Work required → Could you return each line of the material that has "Cantelli" in it?

Task inputs →
(* Let $\rho,\sigma$ be quantum states on a $d$-dimensional Hilbert space with $[\rho,\sigma]=0$, and let $\rho',\sigma'$ be quantum states on a $d'$-dimensional Hilbert space with $[\rho',\sigma']=0$, where $\sigma$ and $\sigma'$ are both full-rank. For $1>\epsilon>0$ define $f_\sigma(\rho,\epsilon):=\sqrt{V(\rho\|\sigma)\left(2\epsilon^{-1}-1\right)}$ and analogously $f_{\sigma'}(\rho',\epsilon):=\sqrt{V(\rho'\|\sigma')\left(2\epsilon^{-1}-1\right)}$. If $$S(\rho\|\sigma)-f_\sigma(\rho,\epsilon)\;\geq\; S(\rho'\|\sigma')+f_{\sigma'}(\rho',\epsilon),$$ then $(\rho,\sigma)\succ_\epsilon(\rho',\sigma')$.
   Context: All logarithms are base 2. The relative entropy is $S(\rho\|\sigma)=\mathrm{Tr}(\rho(\log\rho-\log\sigma))$ and the relative variance (variance of relative surprisal) is $V(\rho\|\sigma)=\mathrm{Tr}\left(\rho(\log\rho-\log\sigma)^2\right)-S(\rho\|\sigma)^2$. The trace distance is $D(\rho,\tau)=\frac12\|\rho-\tau\|_1$. For pairs of states, $(\rho,\sigma)\succ(\rho',\sigma')$ means there exists a quantum channel $\mathcal E$ (from states on the first Hilbert space to states on the second) with $\mathcal E(\rho)=\rho'$ and $\mathcal E(\sigma)=\sigma'$. Moreover $(\rho,\sigma)\succ_\epsilon(\rho',\sigma')$ means there exists a state $\rho'_\epsilon$ with $(\rho,\sigma)\succ(\rho'_\epsilon,\sigma')$ and $D(\rho',\rho'_\epsilon)\le\epsilon$. *)

theory Defs
  imports Complex_Main "Jordan_Normal_Form.Matrix"
begin

definition mtrace :: "complex mat \<Rightarrow> complex" where
  "mtrace A = (\<Sum>i<dim_row A. A $$ (i,i))"

definition cadj :: "complex mat \<Rightarrow> complex mat" where
  "cadj A = mat (dim_col A) (dim_row A) (\<lambda>(i,j). cnj (A $$ (j,i)))"

definition hermitian_mat :: "nat \<Rightarrow> complex mat \<Rightarrow> bool" where
  "hermitian_mat n A \<longleftrightarrow> A \<in> carrier_mat n n \<and> cadj A = A"

definition psd_mat :: "nat \<Rightarrow> complex mat \<Rightarrow> bool" where
  "psd_mat n A \<longleftrightarrow> hermitian_mat n A \<and>
     (\<forall>v \<in> carrier_vec n. 0 \<le> Re (map_vec cnj v \<bullet> (A *\<^sub>v v)))"

definition density_mat :: "nat \<Rightarrow> complex mat \<Rightarrow> bool" where
  "density_mat n \<rho> \<longleftrightarrow> psd_mat n \<rho> \<and> mtrace \<rho> = 1"

definition unitary_mat :: "nat \<Rightarrow> complex mat \<Rightarrow> bool" where
  "unitary_mat n U \<longleftrightarrow> U \<in> carrier_mat n n \<and> cadj U * U = 1\<^sub>m n"

definition real_diag :: "nat \<Rightarrow> (nat \<Rightarrow> real) \<Rightarrow> complex mat" where
  "real_diag n lam = mat n n (\<lambda>(i,j). if i = j then complex_of_real (lam i) else 0)"

(* functional calculus for Hermitian matrices via a spectral decomposition
   A = U diag(lam) U^*; the result f(A) = U diag(f o lam) U^* does not depend
   on the chosen decomposition *)
definition mat_fun :: "(real \<Rightarrow> real) \<Rightarrow> complex mat \<Rightarrow> complex mat" where
  "mat_fun f A = (SOME B. \<exists>U lam. unitary_mat (dim_row A) U \<and>
       A = U * real_diag (dim_row A) lam * cadj U \<and>
       B = U * real_diag (dim_row A) (\<lambda>i. f (lam i)) * cadj U)"

(* matrix logarithm, base 2 (on the kernel of a singular state the value is
   irrelevant for the quantities below) *)
definition mlog :: "complex mat \<Rightarrow> complex mat" where
  "mlog A = mat_fun (log 2) A"

definition rel_entropy :: "complex mat \<Rightarrow> complex mat \<Rightarrow> real" where
  "rel_entropy \<rho> \<sigma> = Re (mtrace (\<rho> * (mlog \<rho> - mlog \<sigma>)))"

definition rel_variance :: "complex mat \<Rightarrow> complex mat \<Rightarrow> real" where
  "rel_variance \<rho> \<sigma> =
     Re (mtrace (\<rho> * ((mlog \<rho> - mlog \<sigma>) * (mlog \<rho> - mlog \<sigma>)))) - (rel_entropy \<rho> \<sigma>)\<^sup>2"

definition trace_norm :: "complex mat \<Rightarrow> real" where
  "trace_norm A = Re (mtrace (mat_fun sqrt (cadj A * A)))"

definition trace_dist :: "complex mat \<Rightarrow> complex mat \<Rightarrow> real" where
  "trace_dist \<rho> \<tau> = trace_norm (\<rho> - \<tau>) / 2"

(* (id_k \<otimes> E) applied to a (k*d) x (k*d) block matrix: E acts on each d x d block *)
definition ampliate :: "nat \<Rightarrow> nat \<Rightarrow> nat \<Rightarrow> (complex mat \<Rightarrow> complex mat) \<Rightarrow> complex mat \<Rightarrow> complex mat" where
  "ampliate d d' k E X = mat (k * d') (k * d') (\<lambda>(i,j).
      E (mat d d (\<lambda>(r,s). X $$ ((i div d') * d + r, (j div d') * d + s))) $$ (i mod d', j mod d'))"

definition quantum_channel :: "nat \<Rightarrow> nat \<Rightarrow> (complex mat \<Rightarrow> complex mat) \<Rightarrow> bool" where
  "quantum_channel d d' E \<longleftrightarrow>
     (\<forall>A \<in> carrier_mat d d. E A \<in> carrier_mat d' d') \<and>
     (\<forall>A \<in> carrier_mat d d. \<forall>B \<in> carrier_mat d d. E (A + B) = E A + E B) \<and>
     (\<forall>c. \<forall>A \<in> carrier_mat d d. E (c \<cdot>\<^sub>m A) = c \<cdot>\<^sub>m E A) \<and>
     (\<forall>A \<in> carrier_mat d d. mtrace (E A) = mtrace A) \<and>
     (\<forall>k. \<forall>X. psd_mat (k * d) X \<longrightarrow> psd_mat (k * d') (ampliate d d' k E X))"

definition pair_majorizes :: "nat \<Rightarrow> nat \<Rightarrow> complex mat \<Rightarrow> complex mat \<Rightarrow> complex mat \<Rightarrow> complex mat \<Rightarrow> bool" where
  "pair_majorizes d d' \<rho> \<sigma> \<rho>' \<sigma>' \<longleftrightarrow>
     (\<exists>E. quantum_channel d d' E \<and> E \<rho> = \<rho>' \<and> E \<sigma> = \<sigma>')"

definition pair_majorizes_approx :: "nat \<Rightarrow> nat \<Rightarrow> real \<Rightarrow> complex mat \<Rightarrow> complex mat \<Rightarrow> complex mat \<Rightarrow> complex mat \<Rightarrow> bool" where
  "pair_majorizes_approx d d' \<epsilon> \<rho> \<sigma> \<rho>' \<sigma>' \<longleftrightarrow>
     (\<exists>\<rho>e. density_mat d' \<rho>e \<and> pair_majorizes d d' \<rho> \<sigma> \<rho>e \<sigma>' \<and> trace_dist \<rho>' \<rho>e \<le> \<epsilon>)"

definition f_dev :: "complex mat \<Rightarrow> complex mat \<Rightarrow> real \<Rightarrow> real" where
  "f_dev \<rho> \<sigma> \<epsilon> = sqrt (rel_variance \<rho> \<sigma> * (2 / \<epsilon> - 1))"

end

(*
  Both pairs of commuting states are diagonal in a common orthonormal basis, so everything reduces
  to pairs of probability vectors (p, q) and (p', q'), and the relative entropy and relative variance
  become the mean and variance under p of the log-likelihood ratio x = log p - log q.

  By Cantelli's one-sided Chebyshev inequality the event A = {x >= S - f} has p-probability at least
  1 - epsilon/2, and on A we have q <= 2^(-(S - f)) p; dually B = {x' <= S' + f'} has p'-probability at
  least 1 - epsilon/2, and on B we have p' <= 2^(S' + f') q'.  Since S - f >= S' + f', a stochastic map
  that only records whether the input lies in A can send q exactly to q' and p to within
  epsilon in l1-distance of p'.  Measuring in the eigenbasis of (rho, sigma), applying this map and
  preparing eigenvectors of (rho', sigma') gives the required channel.
*)

theory Submission
  imports Defs "Jordan_Normal_Form.Schur_Decomposition" "Jordan_Normal_Form.Spectral_Radius"
begin

section \<open>Probability vectors\<close>

definition prob_vec :: "nat \<Rightarrow> (nat \<Rightarrow> real) \<Rightarrow> bool" where
  "prob_vec n p \<longleftrightarrow> (\<forall>i<n. 0 \<le> p i) \<and> (\<Sum>i<n. p i) = 1"

definition expect :: "nat \<Rightarrow> (nat \<Rightarrow> real) \<Rightarrow> (nat \<Rightarrow> real) \<Rightarrow> real" where
  "expect n p x = (\<Sum>i<n. p i * x i)"

definition variance :: "nat \<Rightarrow> (nat \<Rightarrow> real) \<Rightarrow> (nat \<Rightarrow> real) \<Rightarrow> real" where
  "variance n p x = expect n p (\<lambda>i. (x i)\<^sup>2) - (expect n p x)\<^sup>2"

definition log_ratio :: "(nat \<Rightarrow> real) \<Rightarrow> (nat \<Rightarrow> real) \<Rightarrow> nat \<Rightarrow> real" where
  "log_ratio p q i = log 2 (p i) - log 2 (q i)"

lemma prob_vec_nonneg: "prob_vec n p \<Longrightarrow> i < n \<Longrightarrow> 0 \<le> p i"
  by (simp add: prob_vec_def)

lemma prob_vec_sum: "prob_vec n p \<Longrightarrow> (\<Sum>i<n. p i) = 1"
  by (simp add: prob_vec_def)

lemma prob_vec_sum_subset:
  assumes p: "prob_vec n p" and A: "A \<subseteq> {..<n}"
  shows "0 \<le> (\<Sum>i\<in>A. p i)" and "(\<Sum>i\<in>A. p i) \<le> 1"
proof -
  show "0 \<le> (\<Sum>i\<in>A. p i)" using A p by (intro sum_nonneg) (auto simp: prob_vec_def)
  have "(\<Sum>i\<in>A. p i) \<le> (\<Sum>i<n. p i)" using A p by (intro sum_mono2) (auto simp: prob_vec_def)
  then show "(\<Sum>i\<in>A. p i) \<le> 1" using p by (simp add: prob_vec_def)
qed

lemma prob_vec_mass_compl:
  assumes "prob_vec n p"
  shows "(\<Sum>i | i < n \<and> P i. p i) = 1 - (\<Sum>i | i < n \<and> \<not> P i. p i)"
proof -
  have "(\<Sum>i<n. p i) = (\<Sum>i\<in>{..<n} \<inter> Collect P. p i) + (\<Sum>i\<in>{..<n} - Collect P. p i)"
    by (rule sum.Int_Diff[OF finite_lessThan])
  moreover have "{..<n} \<inter> Collect P = {i. i < n \<and> P i}" "{..<n} - Collect P = {i. i < n \<and> \<not> P i}"
    by auto
  ultimately show ?thesis using assms by (simp add: prob_vec_def)
qed

lemma prob_vec_mass_pos_part:
  assumes "prob_vec n p"
  shows "(\<Sum>i | i < n \<and> 0 < p i \<and> P i. p i) = (\<Sum>i | i < n \<and> P i. p i)"
  using assms by (intro sum.mono_neutral_left) (auto simp: prob_vec_def order.order_iff_strict)

lemma prob_vec_mix:
  assumes "prob_vec n u" "prob_vec n v" "0 \<le> t" "t \<le> 1"
  shows "prob_vec n (\<lambda>j. t * u j + (1 - t) * v j)"
  using assms by (simp add: prob_vec_def sum.distrib sum_distrib_left[symmetric])

lemma prob_vec_restrict:
  assumes p: "prob_vec n p" and B: "B \<subseteq> {..<n}" and pos: "0 < (\<Sum>j\<in>B. p j)"
  shows "prob_vec n (\<lambda>j. if j \<in> B then p j / (\<Sum>j\<in>B. p j) else 0)"
proof -
  have "(\<Sum>j<n. if j \<in> B then p j / (\<Sum>j\<in>B. p j) else 0) = (\<Sum>j\<in>B. p j / (\<Sum>j\<in>B. p j))"
    using B by (simp add: sum.If_cases Int_absorb1)
  also have "\<dots> = 1" using pos by (simp flip: sum_divide_distrib)
  finally show ?thesis using p pos by (simp add: prob_vec_def)
qed

lemma prob_vec_residual:
  assumes q: "prob_vec n q" and \<pi>: "prob_vec n \<pi>" and t: "0 \<le> t" "t \<le> 1"
    and le: "\<And>j. j < n \<Longrightarrow> t * \<pi> j \<le> q j"
  obtains \<rho> where "prob_vec n \<rho>" and "\<And>j. j < n \<Longrightarrow> q j = t * \<pi> j + (1 - t) * \<rho> j"
proof (cases "t = 1")
  case True
  have "(\<Sum>j<n. q j - \<pi> j) = 0" using q \<pi> by (simp add: prob_vec_def sum_subtractf)
  then have "\<forall>j\<in>{..<n}. q j - \<pi> j = 0"
    using le True by (subst sum_nonneg_eq_0_iff[symmetric]) auto
  then show ?thesis using that[OF q] True by simp
next
  case False
  define \<rho> where "\<rho> = (\<lambda>j. (q j - t * \<pi> j) / (1 - t))"
  have "prob_vec n \<rho>"
    using q \<pi> le t False
    by (auto simp: prob_vec_def \<rho>_def sum_subtractf sum_distrib_left[symmetric] simp flip: sum_divide_distrib)
  moreover have "q j = t * \<pi> j + (1 - t) * \<rho> j" for j
    using False by (simp add: \<rho>_def)
  ultimately show ?thesis using that by blast
qed

lemma l1_dist_le_overlap:
  assumes u: "prob_vec n u" and v: "prob_vec n v" and m: "\<And>j. j < n \<Longrightarrow> m j \<le> u j \<and> m j \<le> v j"
  shows "(\<Sum>j<n. \<bar>u j - v j\<bar>) \<le> 2 * (1 - (\<Sum>j<n. m j))"
proof -
  have "(\<Sum>j<n. \<bar>u j - v j\<bar>) \<le> (\<Sum>j<n. u j + v j - 2 * m j)"
    using m by (intro sum_mono) (auto simp: abs_if)
  also have "\<dots> = 2 * (1 - (\<Sum>j<n. m j))"
    using u v by (simp add: prob_vec_def sum.distrib sum_subtractf sum_distrib_left[symmetric])
  finally show ?thesis .
qed

lemma le_log_diff_iff:
  assumes "0 < a" "0 < b"
  shows "L \<le> log 2 a - log 2 b \<longleftrightarrow> b \<le> 2 powr (- L) * a"
proof -
  have "L \<le> log 2 a - log 2 b \<longleftrightarrow> 2 powr L \<le> a / b"
    using assms by (simp add: le_log_iff flip: log_divide_pos)
  also have "\<dots> \<longleftrightarrow> b \<le> 2 powr (- L) * a"
    using assms by (simp add: powr_minus field_simps)
  finally show ?thesis .
qed

lemma log_diff_le_iff:
  assumes "0 < a" "0 < b"
  shows "log 2 a - log 2 b \<le> L \<longleftrightarrow> 2 powr (- L) * a \<le> b"
proof -
  have "log 2 a - log 2 b \<le> L \<longleftrightarrow> a / b \<le> 2 powr L"
    using assms by (simp add: log_le_iff flip: log_divide_pos)
  also have "\<dots> \<longleftrightarrow> 2 powr (- L) * a \<le> b"
    using assms by (simp add: powr_minus field_simps)
  finally show ?thesis .
qed

section \<open>Cantelli's inequality\<close>

lemma expect_centered:
  assumes "prob_vec n p"
  shows "expect n p (\<lambda>i. x i - expect n p x) = 0"
  using assms by (simp add: expect_def prob_vec_def algebra_simps sum_subtractf flip: sum_distrib_right)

Reply to the exercise →
  By Cantelli's one-sided Chebyshev inequality the event A = {x >= S - f} has p-probability at least
section \<open>Cantelli's inequality\<close>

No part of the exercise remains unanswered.